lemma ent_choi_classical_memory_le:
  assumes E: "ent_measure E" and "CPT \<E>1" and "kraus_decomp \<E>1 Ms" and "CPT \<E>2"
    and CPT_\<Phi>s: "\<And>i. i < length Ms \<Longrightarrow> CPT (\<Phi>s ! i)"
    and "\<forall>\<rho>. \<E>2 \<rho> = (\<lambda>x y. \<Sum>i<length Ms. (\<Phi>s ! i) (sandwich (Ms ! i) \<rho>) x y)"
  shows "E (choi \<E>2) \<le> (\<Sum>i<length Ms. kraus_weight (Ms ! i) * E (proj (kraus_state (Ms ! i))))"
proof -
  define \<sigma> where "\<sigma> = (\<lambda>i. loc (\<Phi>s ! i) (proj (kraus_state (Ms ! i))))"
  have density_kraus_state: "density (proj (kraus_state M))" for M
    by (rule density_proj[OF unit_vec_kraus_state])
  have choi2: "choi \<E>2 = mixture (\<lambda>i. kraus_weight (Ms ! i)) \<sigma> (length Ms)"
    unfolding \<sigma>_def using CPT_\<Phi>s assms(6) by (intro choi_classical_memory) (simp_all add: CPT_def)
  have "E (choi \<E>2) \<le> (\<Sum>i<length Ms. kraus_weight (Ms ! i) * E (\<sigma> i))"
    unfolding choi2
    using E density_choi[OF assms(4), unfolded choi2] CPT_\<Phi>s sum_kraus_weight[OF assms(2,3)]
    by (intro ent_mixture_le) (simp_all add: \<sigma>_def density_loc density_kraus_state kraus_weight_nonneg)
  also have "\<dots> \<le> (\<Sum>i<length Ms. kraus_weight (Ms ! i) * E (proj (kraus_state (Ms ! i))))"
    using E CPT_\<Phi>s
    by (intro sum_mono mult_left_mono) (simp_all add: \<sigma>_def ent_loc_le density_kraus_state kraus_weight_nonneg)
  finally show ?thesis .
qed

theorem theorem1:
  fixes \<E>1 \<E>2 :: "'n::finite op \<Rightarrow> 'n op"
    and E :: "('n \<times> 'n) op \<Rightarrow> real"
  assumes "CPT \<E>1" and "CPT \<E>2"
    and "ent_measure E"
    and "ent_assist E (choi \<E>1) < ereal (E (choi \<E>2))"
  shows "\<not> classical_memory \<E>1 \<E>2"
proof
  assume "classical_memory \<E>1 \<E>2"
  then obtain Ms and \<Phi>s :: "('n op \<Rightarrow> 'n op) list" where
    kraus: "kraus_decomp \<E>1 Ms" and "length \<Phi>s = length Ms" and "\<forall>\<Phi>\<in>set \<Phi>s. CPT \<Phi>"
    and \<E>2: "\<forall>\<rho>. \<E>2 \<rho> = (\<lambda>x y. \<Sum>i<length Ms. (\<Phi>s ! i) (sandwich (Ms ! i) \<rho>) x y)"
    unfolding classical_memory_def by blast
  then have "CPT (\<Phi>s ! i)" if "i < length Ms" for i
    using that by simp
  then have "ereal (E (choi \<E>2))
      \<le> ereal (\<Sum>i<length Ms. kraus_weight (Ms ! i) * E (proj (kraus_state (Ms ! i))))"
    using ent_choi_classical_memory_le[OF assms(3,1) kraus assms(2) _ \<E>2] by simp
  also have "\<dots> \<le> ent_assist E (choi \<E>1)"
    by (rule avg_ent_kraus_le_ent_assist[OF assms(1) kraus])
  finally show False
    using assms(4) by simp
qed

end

- - - -

WHAT YOU ARE ASKED TO DO → Copy out every record exactly.

YOUR RESPONSE →
lemma ent_choi_classical_memory_le:
  assumes E: "ent_measure E" and "CPT \<E>1" and "kraus_decomp \<E>1 Ms" and "CPT \<E>2"
    and CPT_\<Phi>s: "\<And>i. i < length Ms \<Longrightarrow> CPT (\<Phi>s ! i)"
    and "\<forall>\<rho>. \<E>2 \<rho> = (\<lambda>x y. \<Sum>i<length Ms. (\<Phi>s ! i) (sandwich (Ms ! i) \<rho>) x y)"
  shows "E (choi \<E>2) \<le> (\<Sum>i<length Ms. kraus_weight (Ms ! i) * E (proj (kraus_state (Ms ! i))))"
proof -
  define \<sigma> where "\<sigma> = (\<lambda>i. loc (\<Phi>s ! i) (proj (kraus_state (Ms ! i))))"
  have density_kraus_state: "density (proj (kraus_state M))" for M
    by (rule density_proj[OF unit_vec_kraus_state])
  have choi2: "choi \<E>2 = mixture (\<lambda>i. kraus_weight (Ms ! i)) \<sigma> (length Ms)"
    unfolding \<sigma>_def using CPT_\<Phi>s assms(6) by (intro choi_classical_memory) (simp_all add: CPT_def)
  have "E (choi \<E>2) \<le> (\<Sum>i<length Ms. kraus_weight (Ms ! i) * E (\<sigma> i))"
    unfolding choi2
    using E density_choi[OF assms(4), unfolded choi2] CPT_\<Phi>s sum_kraus_weight[OF assms(2,3)]
    by (intro ent_mixture_le) (simp_all add: \<sigma>_def density_loc density_kraus_state kraus_weight_nonneg)
  also have "\<dots> \<le> (\<Sum>i<length Ms. kraus_weight (Ms ! i) * E (proj (kraus_state (Ms ! i))))"
    using E CPT_\<Phi>s
    by (intro sum_mono mult_left_mono) (simp_all add: \<sigma>_def ent_loc_le density_kraus_state kraus_weight_nonneg)
  finally show ?thesis .
qed

theorem theorem1:
  fixes \<E>1 \<E>2 :: "'n::finite op \<Rightarrow> 'n op"
    and E :: "('n \<times> 'n) op \<Rightarrow> real"
  assumes "CPT \<E>1" and "CPT \<E>2"
    and "ent_measure E"
    and "ent_assist E (choi \<E>1) < ereal (E (choi \<E>2))"
  shows "\<not> classical_memory \<E>1 \<E>2"
proof
  assume "classical_memory \<E>1 \<E>2"
  then obtain Ms and \<Phi>s :: "('n op \<Rightarrow> 'n op) list" where
    kraus: "kraus_decomp \<E>1 Ms" and "length \<Phi>s = length Ms" and "\<forall>\<Phi>\<in>set \<Phi>s. CPT \<Phi>"
    and \<E>2: "\<forall>\<rho>. \<E>2 \<rho> = (\<lambda>x y. \<Sum>i<length Ms. (\<Phi>s ! i) (sandwich (Ms ! i) \<rho>) x y)"
    unfolding classical_memory_def by blast
  then have "CPT (\<Phi>s ! i)" if "i < length Ms" for i
    using that by simp
  then have "ereal (E (choi \<E>2))
      \<le> ereal (\<Sum>i<length Ms. kraus_weight (Ms ! i) * E (proj (kraus_state (Ms ! i))))"
    using ent_choi_classical_memory_le[OF assms(3,1) kraus assms(2) _ \<E>2] by simp
  also have "\<dots> \<le> ent_assist E (choi \<E>1)"
    by (rule avg_ent_kraus_le_ent_assist[OF assms(1) kraus])
  finally show False
    using assms(4) by simp
qed

end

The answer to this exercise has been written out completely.